Amniozentese (Fruchtwasserpunktion)

Der Begriff Amniozentese steht für die Fruchtwasserentnahme aus der Fruchtblase und dient u.a. zur Bestimmung der Erbanlagen des ungeborenen Kindes und zur Bestimmung von speziellem Protein im Fruchtwasser, das uns einen Hinweis auf einen offenen Rücken oder Bauchdecke liefern kann.
Die Fruchtwasserpunktion führen wir schon seit 1981 durch. Diese Untersuchung kann in der 16. SSW durchgeführt werden (siehe Schwangerschaftskalender).
Das Fehlgeburtsrisiko liegt bei 0,3 – 0,5 %. Ein erstes Ergebnis aus der Analyse mittels sogenanntem FISH-Test (Schnelltest) liegt am folgenden Tag und bereits zuverlässig vor.

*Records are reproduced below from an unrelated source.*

definition rank_subgraph :: "('a,'b) pre_digraph \<Rightarrow> ('a \<Rightarrow> 'c::ord) \<Rightarrow> ('a,'b) pre_digraph" where
  "rank_subgraph D g = \<lparr>verts = verts D, arcs = {e \<in> arcs D. g (tail D e) < g (head D e)},
     tail = tail D, head = head D\<rparr>"

lemma rank_subgraph_simps [simp]:
  "verts (rank_subgraph D g) = verts D"
  "arcs (rank_subgraph D g) = {e \<in> arcs D. g (tail D e) < g (head D e)}"
  "tail (rank_subgraph D g) = tail D"
  "head (rank_subgraph D g) = head D"
  by (simp_all add: rank_subgraph_def)

definition acyclic_spanning_rooted :: "('a,'b) pre_digraph \<Rightarrow> ('a,'b) pre_digraph \<Rightarrow> 'a \<Rightarrow> bool" where
  "acyclic_spanning_rooted A D r \<longleftrightarrow>
     spanning A D \<and> acyclic_digraph A \<and> (\<forall>v \<in> verts A. r \<rightarrow>\<^sup>*\<^bsub>A\<^esub> v)"

lemma spanning_rank_subgraph:
  assumes "wf_digraph D"
  shows "spanning (rank_subgraph D g) D"
proof -
  have "wf_digraph (rank_subgraph D g)"
    using assms unfolding wf_digraph_def by auto
  with assms show ?thesis
    unfolding spanning_def subgraph_def compatible_def by auto
qed

lemma rank_increases_along_walk:
  fixes g :: "'a \<Rightarrow> 'c::preorder"
  assumes "set p \<subseteq> arcs (rank_subgraph D g)" "pre_digraph.cas (rank_subgraph D g) u p v" "p \<noteq> []"
  shows "g u < g v"
  using assms
proof (induction p arbitrary: u)
  case Nil
  then show ?case by simp
next
  case (Cons e p)
  then have e: "tail D e = u" "g u < g (head D e)"
    and rest: "set p \<subseteq> arcs (rank_subgraph D g)" "pre_digraph.cas (rank_subgraph D g) (head D e) p v"
    by (auto simp: pre_digraph.cas.simps)
  show ?case
  proof (cases "p = []")
    case True
    then show ?thesis using e rest by (simp add: pre_digraph.cas.simps)
  next
    case False
    then show ?thesis using Cons.IH[OF rest] e(2) less_trans by blast
  qed
qed

lemma acyclic_rank_subgraph:
  fixes g :: "'a \<Rightarrow> 'c::preorder"
  shows "acyclic_digraph (rank_subgraph D g)"
  unfolding acyclic_digraph_def
proof
  assume "\<exists>p. pre_digraph.cycle (rank_subgraph D g) p"
  then obtain p u where "pre_digraph.awalk (rank_subgraph D g) u p u" "p \<noteq> []"
    unfolding pre_digraph.cycle_def by blast
  then have "g u < g u"
    using rank_increases_along_walk[of p D g u u] unfolding pre_digraph.awalk_def by blast
  then show False by simp
qed

lemma reachable_rank_subgraph:
  fixes g :: "'a \<Rightarrow> 'c::wellorder"
  assumes "wf_digraph D" "r \<in> verts D"
    and lower_in_arc: "\<And>v. v \<in> verts D - {r} \<Longrightarrow> in_arc_from D {u. g u < g v} v"
    and "v \<in> verts D"
  shows "r \<rightarrow>\<^sup>*\<^bsub>rank_subgraph D g\<^esub> v"
  using \<open>v \<in> verts D\<close>
proof (induction "g v" arbitrary: v rule: less_induct)
  case less
  show ?case
  proof (cases "v = r")
    case True
    then show ?thesis using assms(2) by (simp add: reachable_def)
  next
    case False
    with less.prems lower_in_arc obtain e where e: "e \<in> arcs D" "g (tail D e) < g v" "head D e = v"
      unfolding in_arc_from_def by blast
    have "r \<rightarrow>\<^sup>*\<^bsub>rank_subgraph D g\<^esub> tail D e"
      using less.hyps[OF e(2)] e(1) wf_digraph.tail_in_verts[OF assms(1)] by blast
    moreover have "(tail D e, v) \<in> arcs_ends (rank_subgraph D g)"
      using e by (force simp: arcs_ends_def arc_to_ends_def)
    ultimately show ?thesis
      using less.prems unfolding reachable_def by (simp add: rtrancl_on_into_rtrancl_on)
  qed
qed

lemma acyclic_spanning_rooted_rank_subgraph:
  fixes g :: "'a \<Rightarrow> 'c::wellorder"
  assumes "wf_digraph D" "r \<in> verts D"
    and "\<And>v. v \<in> verts D - {r} \<Longrightarrow> in_arc_from D {u. g u < g v} v"
  shows "acyclic_spanning_rooted (rank_subgraph D g) D r"
  unfolding acyclic_spanning_rooted_def
  using spanning_rank_subgraph[OF assms(1)] acyclic_rank_subgraph[of D g]
    reachable_rank_subgraph[OF assms] by blast

lemma reach_within_if_two_connected:
  assumes "two_connected D r" "S \<subseteq> verts D - {r}" "card S \<le> 1"
  shows "verts D - S \<subseteq> reach_within D (verts D - S) {r}"
proof
  fix z assume "z \<in> verts D - S"
  moreover have "\<not> is_cut D r S"
    using assms unfolding two_connected_def by blast
  ultimately have "r \<rightarrow>\<^sup>*\<^bsub>D \<restriction> (verts D - S)\<^esub> z"
    using assms(2) unfolding is_cut_def by blast
  then show "z \<in> reach_within D (verts D - S) {r}"
    by (rule reach_within_if_reachable) simp
qed

lemma two_connected_two_sided_order:
  assumes "rooted_digraph D r" "two_connected D r"
  defines "Z \<equiv> verts D - {r}"
  shows "\<exists>f. two_sided_order D r {r} Z f"
proof -
  have "fin_digraph D" "r \<in> verts D"
    using assms(1) by (auto simp: rooted_digraph_def)
  then have "finite Z" "insert r Z = verts D" "{r} \<union> Z = verts D"
    unfolding Z_def by (auto simp: fin_digraph_def fin_digraph_axioms_def)
  moreover have "Z \<subseteq> reach_within D (verts D) {r}"
    using reach_within_if_two_connected[OF assms(2), of "{}"] unfolding Z_def by auto
  moreover have "Z - {u} \<subseteq> reach_within D (verts D - {u}) {r}" if "u \<in> Z" for u
    using reach_within_if_two_connected[OF assms(2), of "{u}"] that unfolding Z_def by auto
  ultimately show ?thesis
    using exists_two_sided_order[of Z r "{r}" D] unfolding Z_def by simp
qed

Dieser Schnelltest wird in der Regel von den gesetzlichen Krankenkassen nicht übernommen. Falls gewünscht wird er jedoch durchgeführt, hier werden Sie vom Labor eine separate Rechnung erhalten (ca. 80,- €). Das ausführliche Ergebnis wird nach einer sogenannten Langzeitkultur, die ca. 10 – 14 Tage dauert, mitgeteilt.

Vorbereitung der Patientin zur Fruchtwasserpunktion

  • Bitte kommen Sie mit gefüllter Harnblase zur Untersuchung
  • Bringen Sie unbedingt Ihren Mutterpass und Ihren Blutgruppenausweis (falls vorhanden) mit, da wir Ihre Blutgruppe, sowie den sogenannten Rhesusfaktor schriftlich benötigen.
  • Denken Sie auch an den Überweisungsschein (bei Kassenpatientinnen), ausgestellt von Ihrem Frauenarzt, an Ihre Versicherungskarte sowie ggf. Vorbefunde (die Schwangerschaft betreffend, der Familienvorgeschichte oder einen humangenetischen Befund).
  • Sollte kurz vor der Punktion eine Blutung bei Ihnen auftreten oder sollten Sie erkranken (auch Erkältungen), bitten wir um rechtzeitige Mitteilung, um den Termin ggf. zu verlegen, da das Komplikationsrisiko bei Erkrankungen wesentlich höher ist. 
  • Sie brauchen nicht nüchtern zu kommen, d.h. Sie können wie gewohnt vorher
    frühstücken. 
  • Die Punktion wird ambulant durchgeführt.
  • Sie können alleine zu dieser Punktion kommen, es ist den Schwangeren jedoch meist angenehmer, wenn sie in Begleitung zu dieser Entnahme kommen.
  • Kinder unter 12 Jahren dürfen bei der Untersuchung nicht dabei sein, wegen möglichem Infektionsrisiko von Kinderkrankheiten auf schwangere Frauen.

Ablauf der Punktion

Unter ständiger Ultraschallsicht wird eine dünne Nadel durch die Bauchdecke, durch die Gebärmutterwand und durch die Eihäute in die Fruchthöhle vorgeschoben. Dabei werden ca. 15 ml Fruchtwasser entnommen. Die Punktionsstelle wird so ausgesucht, dass sich keine kindlichen Körperteile in der Nähe befinden, sodass eine Verletzung des Kindes während der Punktion unwahrscheinlich ist. Die Punktionsdauer beträgt in der Regel 1 – 2 Minuten und wird von vielen Schwangeren als harmlos empfunden.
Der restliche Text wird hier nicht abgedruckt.